Выбрать главу

Налицо явная неточность: суть высказываний Стагирита, как мы видим, не просто в том, что и до Сократа были философы, которые пытались дать общие определения, но в том, что именно Сократ первым сделал определение необходимой и существенной чертой философского мышления, попытавшись установить "существо вещи" через ее определение, то есть стремился рассуждать посредством такого умозаключения, "началом" которого является "существо вещи". Что же касается Демокрита, то он, по словам Аристотеля, был более ранним мыслителем, который "слегка" (mikron) подошел к установлению этих определений.

Вызывает недоумение и утверждение о том, что Аристотель не располагал никакой иной информацией о Сократе, кроме сочинений сторонников и последователей Сократа. Допустим, что это так. Но в таком случае с неизбежностью возникает вопрос: каким образом он сумел столь отчетливо отделить учение Сократа от учения Платона? Как известно, Аристотель, находясь в течение 20 лет в академии Платона, общался с самим Платоном и другими членами академии. Вполне естественно, что он имел возможность пользоваться более достоверным источником информации о Сократе, чем авторы сократической литературы. Мы уже не говорим о независимом и критическом образе мышления Стагирита.

Все это, разумеется, не означает, что сообщения Аристотеля о Сократе должны приниматься на веру, некритически. Но это уже другой вопрос. Заметим лишь в данной связи, что свидетельства Аристотеля, освобожденные от некоторых преувеличений (например, выдвижения на первый план метода Сократа), вполне заслуживают доверия и представляют собой один из наиболее важных источников наших сведений о Сократе. С некоторыми оговорками исторически верным является также определение Аристотелем места Сократа в истории доаристотелевской философии (о чем уже было сказано выше). Если же, следуя О. Гигону и И. Д. Рожанскому, игнорировать свидетельства Аристотеля и исключать учение Сократа из истории греческой философии, то придется таким образом совершить "большой скачок" от софистов к Платону, к его теории идей, то есть к тому, что во многих отношениях явилось неизбежным следствием сократовского поиска "всеобщего" (всеобщих определений). В таком случае придется признать как истинное и такое утверждение И. Д. Рожанского, как: "Если рассматривать историю древнегреческой философии не как последовательность кем-то канонизированных имен, а как закономерную эволюцию идей, то можно вообще обойтись без Сократа" (39, 78).
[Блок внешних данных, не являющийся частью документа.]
(* For every positive integer $r$, with $c_r=2^{r+1}-2$, $$S_r^*S_r=2^{r-2}\Big[J_{c_r,c_r}+I_{c_r/2}\otimes\begin{pmatrix}1&-1\\-1&1\end{pmatrix}\Big],$$ where $J_{x,y}$ denotes the $x\times y$ matrix all of whose entries equal $1$.
   Context: Define $\{0,1\}$-matrices $S_r$ recursively. Let $S_1=I_2$. For $r\ge1$ let $F_r=I_{2^r-1}\otimes\begin{pmatrix}0&1\\1&0\end{pmatrix}$, and let $1_r$, $0_r$ denote the $2^r\times1$ all-ones and all-zeros column vectors. For $r\ge2$ set $S_r=\big(B_r^{(i)}\ B_r^{(ii)}\ B_r^{(iii)}\big)$ (horizontal concatenation) with $$B_r^{(i)}=\begin{pmatrix}1_{r-1}&0_{r-1}\\0_{r-1}&1_{r-1}\end{pmatrix},\quad B_r^{(ii)}=\begin{pmatrix}S_{r-1}\\S_{r-1}\end{pmatrix},\quad B_r^{(iii)}=\begin{pmatrix}S_{r-1}\\S_{r-1}F_{r-1}\end{pmatrix}.$$ Then $S_r$ is a $2^r\times c_r$ matrix. *)

theory Defs
  imports "Jordan_Normal_Form.Matrix"
begin

definition hcat :: "'a::zero mat \<Rightarrow> 'a mat \<Rightarrow> 'a mat" where
  "hcat A B = mat (dim_row A) (dim_col A + dim_col B)
     (\<lambda>(i,j). if j < dim_col A then A $$ (i,j) else B $$ (i, j - dim_col A))"

definition kron :: "'a::times mat \<Rightarrow> 'a mat \<Rightarrow> 'a mat" where
  "kron A B = mat (dim_row A * dim_row B) (dim_col A * dim_col B)
     (\<lambda>(i,j). A $$ (i div dim_row B, j div dim_col B) * B $$ (i mod dim_row B, j mod dim_col B))"

definition Jmat :: "nat \<Rightarrow> nat \<Rightarrow> real mat" where
  "Jmat x y = mat x y (\<lambda>_. 1)"

definition swap2 :: "real mat" where
  "swap2 = mat 2 2 (\<lambda>(i,j). if i = j then 0 else 1)"

definition K2 :: "real mat" where
  "K2 = mat 2 2 (\<lambda>(i,j). if i = j then 1 else -1)"

definition Fm :: "nat \<Rightarrow> real mat" where
  "Fm r = kron (1\<^sub>m (2^r - 1)) swap2"

definition ones_col :: "nat \<Rightarrow> real mat" where
  "ones_col r = Jmat (2^r) 1"

definition zeros_col :: "nat \<Rightarrow> real mat" where
  "zeros_col r = 0\<^sub>m (2^r) 1"

(* S_r, defined for r \<ge> 1 (the value at r = 0 is irrelevant) *)
fun S :: "nat \<Rightarrow> real mat" where
  "S 0 = 1\<^sub>m 2"
| "S (Suc 0) = 1\<^sub>m 2"
| "S (Suc (Suc n)) =
     (let r' = Suc n;
          B1 = hcat (ones_col r') (zeros_col r') @\<^sub>r hcat (zeros_col r') (ones_col r');
          B2 = S r' @\<^sub>r S r';
          B3 = S r' @\<^sub>r (S r' * Fm r')
      in hcat (hcat B1 B2) B3)"

end

(* The columns of S_r come in 2^r - 1 complementary pairs (2q, 2q+1): every column has
   2^(r-1) ones, paired columns are disjoint, and columns from different pairs meet in
   2^(r-2) rows.  This is proved by induction along the block recursion: the first two
   columns of S_(r+1) are the two halves of the rows, and every other column stacks a
   column a of S_r on top of a or, in the block S_r F_r, on top of its partner, since
   F_r swaps the columns of each pair. *)

theory Submission
  imports Defs
begin

definition partner :: "nat \<Rightarrow> nat" where
  "partner j = (if even j then Suc j else j - 1)"

lemma partner_partner [simp]: "partner (partner j) = j"
  unfolding partner_def by presburger

lemma partner_div2 [simp]: "partner j div 2 = j div 2"
  unfolding partner_def by presburger

lemma partner_neq: "partner j \<noteq> j"
  unfolding partner_def by presburger

lemma partner_less: "j < 2 * q \<Longrightarrow> partner j < 2 * q"
  unfolding partner_def by presburger

lemma partner_eq: "partner j = 2 * (j div 2) + (1 - j mod 2)"
  unfolding partner_def by (cases "even j") (auto elim!: evenE oddE)

lemma div2_eq_iff: "i div 2 = j div 2 \<longleftrightarrow> i = j \<or> i = partner j"
  using div_mult_mod_eq[of i 2] div_mult_mod_eq[of j 2] mod_less_divisor[of 2 i] mod_less_divisor[of 2 j]
  unfolding partner_eq by linarith

lemma eq_partner_iff: "i = partner j \<longleftrightarrow> i div 2 = j div 2 \<and> i \<noteq> j"
  by (metis div2_eq_iff partner_div2 partner_neq)

definition ncols :: "nat \<Rightarrow> nat" where
  "ncols r = 2^(r+1) - 2"

lemma ncols_eq: "ncols r = 2 * (2^r - 1)"
  unfolding ncols_def by (simp add: right_diff_distrib')

lemma ncols_Suc: "ncols (Suc r) = 2 + 2 * ncols r"
proof -
  have "(2::nat)^r \<ge> 1" by simp
  moreover have "4 * x - 2 = 2 + 2 * (2 * x - 2)" if "x \<ge> 1" for x :: nat
    using that by arith
  ultimately show ?thesis unfolding ncols_def by simp
qed

lemma partner_less_ncols: "j < ncols r \<Longrightarrow> partner j < ncols r"
  unfolding ncols_eq by (rule partner_less)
Действительно, если "закономерную эволюцию идей" исследовать вне связи с общественно-историческими условиями и духовной атмосферой, сложившимися в период жизни и деятельности Сократа; если отвергать свидетельства Аристотеля и рассматривать всю сократическую литературу как продукт художественного творчества, то можно будет не только "обойтись без Сократа", но пойти еще дальше и выдвинуть еще более смелые гипотезы, увеличивая таким образом число "загадок" греческой философии. Можно, например, заменить фигуру Сократа фигурой некоего Симона, хотя, по словам И. Д. Рожанского, личность последнего "вообще говоря, крайне загадочна" (там же, 89). Мы, разумеется, не собираемся приводить какие-либо доводы против Симона (если таковой вообще существовал) как аналогичного Сократу типа народного мудреца, но удивительно, почему И. Д. Рожанский, ставящий под сомнение достоверность сведений о Сократе, сообщаемых его современниками, учениками и друзьями, и требующий "абсолютно" достоверной информации о Сократе, считает "скудные сведения" о Симоне, сообщаемые позднейшими античными авторами, более надежными и более заслуживающими внимания.

Наконец, не следует преувеличивать противоречивость сократической литературы. При всех имеющихся в ней расхождениях (которые, впрочем, естественны) мы обнаруживаем немало примеров совпадения мнения ее авторов по многим решающим моментам. Это вынужден, в сущности, признать и сам И. Д. Рожанский: "Увсех сократиков было и нечто общее, касающееся прежде всего человеческих черт выводимого ими Сократа. Наружность Сократа, некоторые черты его характера, его ирония, его манера разговаривать, его отношение к натурфилософии, риторике, софистике…" (там же, 87). Если это так, то незачем ломать копья по поводу несовместимых противоречий у сократиков.